= William Archer Porter =

William Archer Porter (c. 1825 – 16 July 1890) was a British lawyer and educationist who served as the Principal of Government Arts College, Kumbakonam and tutor and secretary to the Maharaja of Mysore.

== Early life and education ==

Porter was born in Drumlee, Castlewellan, Co. Down, Ireland in the year 1825, the eldest son of Rev. James Porter, Presbyterian minister, and the brother of (1) James Porter (Master of Peterhouse, Cambridge), (2) Jane Bailie Porter, who married Alexander Crum Brown, the Scottish organic chemist and (3) Margaret Archer Porter, who married Peter Tait (physicist). He was educated at Glasgow University from 1841 to 1845 and entered Trinity College, Cambridge in 1845. Migrating to Peterhouse, he graduated BA in 1849 as 3rd Wrangler and was admitted as a fellow of Peterhouse.

== Career ==
Porter practised as a tutor from 1855 to 1856 when he joined Lincoln's Inn. Porter was called to the bar in 1859. Porter served as an equity draftsman and conveyancer from 1859 to 1863, when he moved to India to take over as headmaster of the Provincial School, Kumbakonam.

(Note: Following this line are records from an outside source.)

lemma rotated_cones_S_map:
  assumes q: "2 \<le> q" and v: "v \<in> rotated_cones q"
  shows "S_map v \<in> rotated_cones q"
  using v
proof (induction rule: rotated_cones_induct)
  case (U_pow w j)
  show ?case
  proof (cases "j = 0")
    case False
    then have "cone_map q j w \<in> cone_set q" using U_pow by (auto intro: cone_step)
    then show ?thesis
      using q S_map_U_pow[OF q] rotated_cones_uminus U_pow_in_rotated_cones by simp
  next
    case True
    have "S_map w \<in> rotated_cones q" using \<open>w \<in> cone_set q\<close>
    proof cases
      case cone_e1
      then show ?thesis
        using q U_pow_0[OF q] U_pow_in_rotated_cones[OF cone_e2, of 0 q] by (simp add: S_map_def)
    next
      case cone_e2
      then show ?thesis
        using q U_pow_0[OF q] U_pow_in_rotated_cones[OF cone_e1, of 0 q] rotated_cones_uminus
        by (fastforce simp: S_map_def uminus_vec2)
    qed (auto simp: S_map_cone_map intro: U_pow_in_rotated_cones)
    then show ?thesis using True U_pow_0[OF q] by simp
  qed
qed (simp add: S_map_uminus rotated_cones_uminus)

section \<open>Discreteness of \<open>A\<Lambda>\<^sub>q\<close>\<close>

lemma hecke_group_generators:
  "S_mat \<in> hecke_group q" "mat2 0 1 (-1) 0 \<in> hecke_group q"
  "T_mat q \<in> hecke_group q" "mat2 1 (- lambda_q q) 0 1 \<in> hecke_group q"
  using hecke_group.intros(2-5)[OF hecke_group.hg_id, of q] by simp_all

lemma hecke_group_mult: "g \<in> hecke_group q \<Longrightarrow> h \<in> hecke_group q \<Longrightarrow> g ** h \<in> hecke_group q"
  by (induction rule: hecke_group.induct)
     (auto simp: matrix_mul_assoc[symmetric] intro: hecke_group.intros)

lemma hecke_group_det: "g \<in> hecke_group q \<Longrightarrow> det g = 1"
  by (induction rule: hecke_group.induct) (simp_all add: det_mul S_mat_def T_mat_def det_mat2)

lemma adj2_generators:
  "adj2 S_mat = mat2 0 1 (-1) 0" "adj2 (mat2 0 1 (-1) 0) = S_mat"
  "adj2 (T_mat q) = mat2 1 (- lambda_q q) 0 1" "adj2 (mat2 1 (- lambda_q q) 0 1) = T_mat q"
  by (simp_all add: adj2_def S_mat_def T_mat_def)

lemma hecke_group_adj2: "g \<in> hecke_group q \<Longrightarrow> adj2 g \<in> hecke_group q"
proof (induction rule: hecke_group.induct)
  case hg_id
  show ?case by (simp add: adj2_def mat_1_eq_mat2 hecke_group.hg_id[unfolded mat_1_eq_mat2])
qed (simp_all add: adj2_mult adj2_generators hecke_group_generators hecke_group_mult)

definition hecke_translation :: "nat \<Rightarrow> int \<Rightarrow> real^2^2" where
  "hecke_translation q k = mat2 1 (of_int k * lambda_q q) 0 1"

lemma hecke_translation_mem: "hecke_translation q k \<in> hecke_group q"
proof -
  have "hecke_translation q (int n) \<in> hecke_group q \<and> hecke_translation q (- int n) \<in> hecke_group q"
    for n
  proof (induction n)
    case 0
    then show ?case using hecke_group.hg_id[of q] by (simp add: hecke_translation_def mat_1_eq_mat2)
  next
    case (Suc n)
    have "hecke_translation q (int (Suc n)) = T_mat q ** hecke_translation q (int n)"
      "hecke_translation q (- int (Suc n)) = mat2 1 (- lambda_q q) 0 1 ** hecke_translation q (- int n)"
      by (simp_all add: hecke_translation_def T_mat_def mat2_mult_mat2 algebra_simps)
    then show ?case using Suc hecke_group.intros by metis
  qed
  from this[of "nat k"] this[of "nat (- k)"] show ?thesis by (cases "0 \<le> k") auto
qed

lemma S_mat_mult_vec: "S_mat *v v = S_map v"
  and S_inv_mult_vec: "mat2 0 1 (-1) 0 *v v = - S_map v"
  and T_mat_mult_vec: "T_mat q *v v = - S_map (U_map q v)"
  and T_inv_mult_vec: "mat2 1 (- lambda_q q) 0 1 *v v = U_inv_map q (S_map v)"
  by (subst vec2_eta[of v],
      simp add: S_mat_def T_mat_def mat2_mult_vec2 S_map_def U_map_def U_inv_map_def uminus_vec2
      add.commute)+

lemma hecke_orbit_subset_rotated_cones:
  assumes q: "2 \<le> q"
  shows "g \<in> hecke_group q \<Longrightarrow> g *v vec2 1 0 \<in> rotated_cones q"
proof (induction rule: hecke_group.induct)
  case hg_id
  show ?case using U_pow_in_rotated_cones[OF cone_e1, of 0 q] U_pow_0[OF q] q by simp
qed (simp_all add: matrix_vector_mul_assoc[symmetric] S_mat_mult_vec S_inv_mult_vec T_mat_mult_vec
    T_inv_mult_vec rotated_cones_S_map[OF q] rotated_cones_U_map[OF q] rotated_cones_U_inv_map[OF q]
    rotated_cones_uminus)

text \<open>Since \<open>adj2 g = g\<^sup>-\<^sup>1\<close> lies in the group, the area spanned by \<open>g e\<^sub>1\<close> and \<open>h e\<^sub>1\<close> is the
  second coordinate of \<open>g\<^sup>-\<^sup>1 h e\<^sub>1\<close>.\<close>

lemma hecke_orbit_cross2:
  assumes q: "2 \<le> q" and g: "g \<in> hecke_group q" and h: "h \<in> hecke_group q"
  shows "cross2 (g *v vec2 1 0) (h *v vec2 1 0) = 0 \<or> 1 \<le> \<bar>cross2 (g *v vec2 1 0) (h *v vec2 1 0)\<bar>"
proof -
  have "cross2 (g *v vec2 1 0) (h *v vec2 1 0) = ((adj2 g ** h) *v vec2 1 0)$2"
    by (simp add: cross2_def adj2_def matrix_matrix_mult_def matrix_vector_mult_def sum_2
        algebra_simps)
  moreover have "adj2 g ** h \<in> hecke_group q"
    using hecke_group_mult hecke_group_adj2 g h by blast
  ultimately show ?thesis
    using rotated_cones_second_coord[OF q hecke_orbit_subset_rotated_cones[OF q]] by metis
qed

lemma mem_mat_image_Lambda_q:
  "p \<in> mat_image A (Lambda_q q) \<longleftrightarrow> (\<exists>g\<in>hecke_group q. p = (A ** g) *v vec2 1 0)"
  unfolding mat_image_def Lambda_q_def by (auto simp flip: matrix_vector_mul_assoc)

lemma mat_image_Lambda_q_uminus:
  assumes "p \<in> mat_image A (Lambda_q q)"
  shows "- p \<in> mat_image A (Lambda_q q)"
proof -
  obtain g where g: "g \<in> hecke_group q" "p = (A ** g) *v vec2 1 0"
    using assms mem_mat_image_Lambda_q by blast
  have "(A ** (g ** (S_mat ** S_mat))) *v vec2 1 0 = - p"
  proof -
    have "(S_mat ** S_mat) *v vec2 1 0 = - vec2 1 0"
      by (simp add: matrix_vector_mul_assoc[symmetric] S_mat_mult_vec S_map_def uminus_vec2)
    then show ?thesis using g by (simp add: matrix_vector_mul_assoc[symmetric] vec.neg)
  qed
  then show ?thesis
    using g hecke_group_mult hecke_group_generators mem_mat_image_Lambda_q by metis
qed

lemma cross2_mat_image_Lambda_q:
  assumes q: "2 \<le> q" and A: "det A = 1"
    and p: "p \<in> mat_image A (Lambda_q q)" and p': "p' \<in> mat_image A (Lambda_q q)"
  shows "cross2 p p' = 0 \<or> 1 \<le> \<bar>cross2 p p'\<bar>"
proof -
  obtain g h where g: "g \<in> hecke_group q" "p = A *v (g *v vec2 1 0)"
    and h: "h \<in> hecke_group q" "p' = A *v (h *v vec2 1 0)"
    using p p' by (auto simp: mem_mat_image_Lambda_q matrix_vector_mul_assoc)
  then show ?thesis using hecke_orbit_cross2[OF q g(1) h(1)] A by (simp add: cross2_matrix_vector_mult)
qed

Porter served as the headmaster of the Provincial School from 1863 to 1873 and was instrumental in its elevation to graduate college. Porter is, however, best remembered for having served as the Principal of the Government Arts College, Kumbakonam from 1874 to 1878. He is considered to be the best-ever principal of the college. During this time, Porter also occasionally acted as the Principal of the Presidency College, Madras. In 1878, Porter was appointed tutor to Chamarajendra Wadiyar X, the prince of the Kingdom of Mysore and served from 1878 to 1882.

== Later life and death ==

Porter returned to the United Kingdom in 1882 and died at Edinburgh on 16 July 1890.

==Family==

His sister Margaret Porter married Peter Guthrie Tait. They were parents to John Guthrie Tait, Frederick Guthrie Tait and William Archer Porter Tait.